I feel like at some point, probably after the runway incursion and before the 2nd wrong turn she should have just cancelled his clearance and directed him back to the ramp, so many red flags of an impending disaster I'm not sure it was responsible to allow him to continue.
Unfortunately that isn’t her call.
@@tomatosofficial1124 she just has to say she suspected he was impaired in some way and she not only can refuse to clear him but would be obliged to
“57DB correct SO far”
That’s the exact moment the pilot’s soul left his body.
I don’t think I would want to fly with this guy.
Pilot speaking so lethargic and sounds like a new pilot on the radio.
But he has his instrument. He had to pass his private pilot and then his instrument. Mind blowing
This pilot should never have been given the green light by his CFI to fly solo IFR without more experience and training, especially in a high performance airplane like an SR22 with advanced avionics. Clearly overmatched
I wonder how much influence the chute on the SR22 has on an under skilled or unconfident pilot. I would think that a few of the deployments weren't absolutely needed.
This guy sounds like he got his certificates and rating decades ago
Actually the SR22 is the perfect plane for a guy like this sadly. The avnx that it has makes it so that anyone can get from point A to point B, provided you enter the route correctly. In the event that stupid does kick in and you run out of airspeed, altitude and ideas all at the same time, there is always the ability to take the silk elevator and join the caterpillar club.
Assuming he has an instrument rating, the CFI isn’t in a position to give him a green light to do anything.
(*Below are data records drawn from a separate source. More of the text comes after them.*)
(* Let $(\mathbf{A},E,D)$ be a scheme on $P$ compute nodes with gradient dimension $d\ge 1$, and let $s\ge 0$ be an integer. If $(\mathbf{A},E,D)$ tolerates $s$ adversarial nodes, then its redundancy ratio satisfies $r\ge 2s+1$, i.e. $\|\mathbf{A}\|_0\ge (2s+1)P$.
   Context: Fix integers $P\ge 1$ (number of compute nodes) and $d\ge 1$. A scheme is a triple $(\mathbf{A},E,D)$ where $\mathbf{A}\in\{0,1\}^{P\times P}$ is an allocation matrix ($\mathbf{A}_{j,k}=1$ means node $j$ is assigned gradient $k$), $E=(E_1,\dots,E_P)$ with each $E_j:\mathbb{R}^{d\times P}\to\mathbb{R}^d$ an arbitrary function (encoder of node $j$), and $D:\mathbb{R}^{d\times P}\to\mathbb{R}^d$ an arbitrary function (decoder). For $\mathbf{G}=[\mathbf{g}_1,\dots,\mathbf{g}_P]\in\mathbb{R}^{d\times P}$, let $\mathbf{Y}_j=(\mathbf{1}_d\mathbf{A}_{j,\cdot})\odot\mathbf{G}$ (the $d\times P$ matrix whose $k$-th column is $\mathbf{g}_k$ if $\mathbf{A}_{j,k}=1$ and $\mathbf{0}_d$ otherwise; $\odot$ is the entrywise product, $\mathbf{1}_d$ the all-ones column vector), $\mathbf{z}_j=E_j(\mathbf{Y}_j)$, and $\mathbf{Z}^{\mathbf{A},E,\mathbf{G}}=[\mathbf{z}_1,\dots,\mathbf{z}_P]\in\mathbb{R}^{d\times P}$. The scheme tolerates $s$ adversarial nodes if for every $\mathbf{G}\in\mathbb{R}^{d\times P}$ and every $\mathbf{N}\in\mathbb{R}^{d\times P}$ with at most $s$ nonzero columns, $D(\mathbf{Z}^{\mathbf{A},E,\mathbf{G}}+\mathbf{N})=\mathbf{G}\mathbf{1}_P$. The redundancy ratio is $r=\frac1P\|\mathbf{A}\|_0$, where $\|\mathbf{A}\|_0$ is the number of nonzero entries of $\mathbf{A}$. *)

theory Defs
  imports "HOL-Analysis.Analysis"
begin

text \<open>Matrices in R^{d x P} are rendered as real^'p^'d (rows indexed by 'd, columns by 'p),
  so d = CARD('d) >= 1 and P = CARD('p) >= 1. The allocation matrix is real^'p^'p
  with entries in {0,1}.\<close>

definition node_input :: "real^'p^'p \<Rightarrow> 'p \<Rightarrow> real^'p^'d \<Rightarrow> real^'p^'d" where
  "node_input A j G = (\<chi> i k. A$j$k * G$i$k)"

definition coded_matrix ::
  "real^'p^'p \<Rightarrow> ('p \<Rightarrow> real^'p^'d \<Rightarrow> real^'d) \<Rightarrow> real^'p^'d \<Rightarrow> real^'p^'d" where
  "coded_matrix A E G = (\<chi> i j. (E j (node_input A j G))$i)"

definition num_nonzero_columns :: "real^'p^'d \<Rightarrow> nat" where
  "num_nonzero_columns N = card {k. column k N \<noteq> 0}"

definition tolerates ::
  "real^'p^'p \<Rightarrow> ('p \<Rightarrow> real^'p^'d \<Rightarrow> real^'d) \<Rightarrow> (real^'p^'d \<Rightarrow> real^'d) \<Rightarrow> nat \<Rightarrow> bool" where
  "tolerates A E D s \<longleftrightarrow>
     (\<forall>G N. num_nonzero_columns N \<le> s \<longrightarrow> D (coded_matrix A E G + N) = G *v vec 1)"

definition l0_norm :: "real^'p^'p \<Rightarrow> nat" where
  "l0_norm A = card {(j,k). A$j$k \<noteq> 0}"

end

theory Submission
  imports Defs
begin

text \<open>Gradient k is only seen by the nodes j with A j k \<noteq> 0. If fewer than 2s+1 nodes hold it,
  then the gradient matrices 0 and e_k (all-ones in column k) yield coded matrices that differ in at
  most 2s columns, so corrupting s of those columns in each brings both to the same received matrix,
  and the decoder cannot tell apart the different sums 0 and 1. Hence every column of A has at least
  2s+1 nonzero entries.\<close>

lemma num_nonzero_columns_le_card:
  fixes N :: "real^'p^'d"
  assumes "\<And>i j. j \<notin> T \<Longrightarrow> N$i$j = 0"
  shows "num_nonzero_columns N \<le> card T"
  unfolding num_nonzero_columns_def
  by (rule card_mono) (use assms in \<open>auto simp: column_def vec_eq_iff\<close>)

lemma split_card_le_double:
  assumes "finite S" "card S \<le> 2 * s"
  obtains S1 where "S1 \<subseteq> S" "card S1 \<le> s" "card (S - S1) \<le> s"
proof (cases "s \<le> card S")
  case True
  then obtain T where T: "T \<subseteq> S" "card T = s" by (meson obtain_subset_with_card_n)
  with assms have "card (S - T) \<le> s" by (simp add: card_Diff_subset finite_subset)
  with T that show ?thesis by simp
next
  case False
  with that[of S] show ?thesis by simp
qed

lemma common_corruption_if_columns_differ_le_double:
  fixes Z Z' :: "real^'p^'d"
  assumes agree: "\<And>i j. j \<notin> S \<Longrightarrow> Z$i$j = Z'$i$j"
    and card_S: "card S \<le> 2 * s"
  obtains N N' where "num_nonzero_columns N \<le> s" "num_nonzero_columns N' \<le> s" "Z + N = Z' + N'"
proof -
  obtain S1 where S1: "S1 \<subseteq> S" "card S1 \<le> s" "card (S - S1) \<le> s"
    using split_card_le_double[OF finite card_S] .
  define N :: "real^'p^'d" where "N = (\<chi> i j. if j \<in> S1 then Z'$i$j - Z$i$j else 0)"
  define N' :: "real^'p^'d" where "N' = (\<chi> i j. if j \<in> S - S1 then Z$i$j - Z'$i$j else 0)"
  have "num_nonzero_columns N \<le> card S1"
    by (rule num_nonzero_columns_le_card) (simp add: N_def)
  with S1(2) have "num_nonzero_columns N \<le> s" by simp
  moreover have "num_nonzero_columns N' \<le> card (S - S1)"
    by (rule num_nonzero_columns_le_card) (auto simp: N'_def)
  with S1(3) have "num_nonzero_columns N' \<le> s" by simp
  moreover have "Z + N = Z' + N'"
    using S1(1) agree by (auto simp: N_def N'_def vec_eq_iff)
  ultimately show ?thesis using that by blast
qed

lemma tolerates_sum_eq_if_columns_differ_le_double:
  assumes tol: "tolerates A E D s"
    and agree: "\<And>i j. j \<notin> S \<Longrightarrow> coded_matrix A E G $i$j = coded_matrix A E G' $i$j"
    and card_S: "card S \<le> 2 * s"
  shows "G *v vec 1 = G' *v vec 1"
proof -
  obtain N N' where "num_nonzero_columns N \<le> s" "num_nonzero_columns N' \<le> s"
    and same_received: "coded_matrix A E G + N = coded_matrix A E G' + N'"
    using common_corruption_if_columns_differ_le_double[OF agree card_S] .
  with tol have "D (coded_matrix A E G + N) = G *v vec 1"
    and "D (coded_matrix A E G' + N') = G' *v vec 1"
    unfolding tolerates_def by blast+
  with same_received show ?thesis by simp
qed

lemma tolerates_imp_column_support_ge:
  fixes A :: "real^'p^'p"
    and E :: "'p \<Rightarrow> real^'p^'d \<Rightarrow> real^'d"
    and D :: "real^'p^'d \<Rightarrow> real^'d"
  assumes tol: "tolerates A E D s"
  shows "2 * s + 1 \<le> card {j. A$j$k \<noteq> 0}"
proof (rule ccontr)
  define S where "S = {j. A$j$k \<noteq> 0}"
  define G' :: "real^'p^'d" where "G' = (\<chi> i k'. if k' = k then 1 else 0)"
  assume "\<not> 2 * s + 1 \<le> card {j. A$j$k \<noteq> 0}"
  then have card_S: "card S \<le> 2 * s" by (simp add: S_def)
  have "node_input A j 0 = node_input A j G'" if "j \<notin> S" for j
    using that by (auto simp: node_input_def G'_def S_def vec_eq_iff)
  then have "coded_matrix A E 0 $i$j = coded_matrix A E G' $i$j" if "j \<notin> S" for i j
    using that by (simp add: coded_matrix_def)
  then have "(0::real^'p^'d) *v vec 1 = G' *v vec 1"
    using tolerates_sum_eq_if_columns_differ_le_double[OF tol _ card_S] by blast
  moreover have "(G' *v vec 1) $ i = 1" for i
    by (simp add: G'_def matrix_vector_mult_def)
  moreover have "((0::real^'p^'d) *v vec 1) $ i = 0" for i
    by (simp add: matrix_vector_mult_def)
  ultimately show False by (metis zero_neq_one)
qed

lemma l0_norm_eq_sum_column_supports:
  fixes A :: "real^'p^'p"
  shows "l0_norm A = (\<Sum>k\<in>UNIV. card {j. A$j$k \<noteq> 0})"
proof -
  have "{(j,k). A$j$k \<noteq> 0} = (\<lambda>(k,j). (j,k)) ` (SIGMA k:UNIV. {j. A$j$k \<noteq> 0})"
    by auto
  then have "l0_norm A = card (SIGMA k:UNIV. {j. A$j$k \<noteq> 0})"
    unfolding l0_norm_def by (simp add: card_image inj_on_def)
  also have "\<dots> = (\<Sum>k\<in>UNIV. card {j. A$j$k \<noteq> 0})"
    by (simp add: card_SigmaI)
  finally show ?thesis .
qed

theorem theorem1:
  fixes A :: "real^'p^'p"
    and E :: "'p \<Rightarrow> real^'p^'d \<Rightarrow> real^'d"
    and D :: "real^'p^'d \<Rightarrow> real^'d"
    and s :: nat
  assumes "\<forall>j k. A$j$k \<in> {0, 1}"
    and "tolerates A E D s"
  shows "l0_norm A \<ge> (2 * s + 1) * CARD('p)"
proof -
  have "(2 * s + 1) * CARD('p) = (\<Sum>k\<in>(UNIV::'p set). 2 * s + 1)"
    by simp
  also have "\<dots> \<le> (\<Sum>k\<in>UNIV. card {j. A$j$k \<noteq> 0})"
    by (rule sum_mono) (rule tolerates_imp_column_support_ge[OF assms(2)])
  also have "\<dots> = l0_norm A"
    by (rule l0_norm_eq_sum_column_supports[symmetric])
  finally show ?thesis .
qed

end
Additionally, there is no such thing as “solo IFR”. You are either rated or with a CFII.
@@mtnairpilot 100% agree, what I mean is that his CFI or CFII should have recommended more lessons before going out on his own (perhaps this happened but the advice wasn’t heeded, hard to say). I won’t attempt a flight in a new type unless I’m not only legal to do so, but also have a CFI’s blessing with minimums for what weather conditions I’m proficient to handle. Also, I’m a fan of your MU-2 videos. My uncle Alan K used to own a P-model.
Holy cow, this gent is so confused that I got confused!
Sounds like this pilot is on his first excursion
How did this guy even get a pilot license? He can’t even follow basic taxi instructions.